In MSE, the lower the better, while $R^2$ ranges between 0 and 1, with 1 being a perfect model fit.
mse = mcdmi_fit_hcp.mean_squared_error(data_hcp)
R2 = mcdmi_fit_hcp.R2_coefficient_of_determination(data_hcp)
fig, axs = plt.subplots(1, 2, figsize=[15, 15])
cf = axs[0].imshow(mse.squeeze().T, origin=True, vmax=1e-3, cmap='Greys_r')
fig.colorbar(cf, ax=axs[0], shrink=0.33)
axs[0].set_title('Mean Squared Error', fontsize=20)
axs[0].set_axis_off()
cf = axs[1].imshow(R2.squeeze().T, origin=True, vmin=.98, cmap='Greys_r')
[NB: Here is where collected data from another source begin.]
lemma picard_continuous_ge:
  "continuous_on {0..c} (picard n) \<and> (\<forall>s\<in>{0..c}. \<gamma> \<le> picard n s)"
proof (induction n)
  case (Suc n)
  then have "(\<lambda>s. reaction p \<mu> (picard n s)) integrable_on {0..c}"
    by (intro integrable_reaction) auto
  moreover have "0 \<le> integral {0..t} (\<lambda>s. reaction p \<mu> (picard n s))" if "t \<in> {0..c}" for t
    using Suc that by (intro integral_reaction_nonneg) (auto intro: continuous_on_subset)
  ultimately show ?case
    by (auto intro!: continuous_intros indefinite_integral_continuous_1)
qed (auto intro: continuous_intros)

lemma picard_ge: "0 \<le> t \<Longrightarrow> \<gamma> \<le> picard n t"
  using picard_continuous_ge[of t n] by simp

lemma picard_continuous_on: "continuous_on {a..b} (picard n)" if "0 \<le> a"
  using picard_continuous_ge[of b n] that by (auto intro: continuous_on_subset)

lemma integrable_reaction_picard:
  "0 \<le> a \<Longrightarrow> (\<lambda>s. reaction p \<mu> (picard n s)) integrable_on {a..b}"
  by (intro integrable_reaction picard_continuous_on) (auto intro: picard_ge)

lemma integral_reaction_picard_nonneg:
  "0 \<le> a \<Longrightarrow> 0 \<le> integral {a..b} (\<lambda>s. reaction p \<mu> (picard n s))"
  by (intro integral_reaction_nonneg picard_continuous_on) (auto intro: picard_ge)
fig.colorbar(cf, ax=axs[1], shrink=0.33)
axs[1].set_title('R2 - Coefficient of Determination', fontsize=20)
axs[1].set_axis_off();
/user/rfick/home/anaconda2/lib/python2.7/site-packages/dmipy-0.1.dev0-py2.7.egg/dmipy/core/fitted_modeling_framework.py:318: RuntimeWarning: invalid value encountered in divide
The MSE shows that the fitting error is very low overall, with only slightly higher errors in the CSF and much larger errors in the skull. The $R^2$ agree with the MSE results, having values very close to 1 overall, with lower values in the CSF and skull.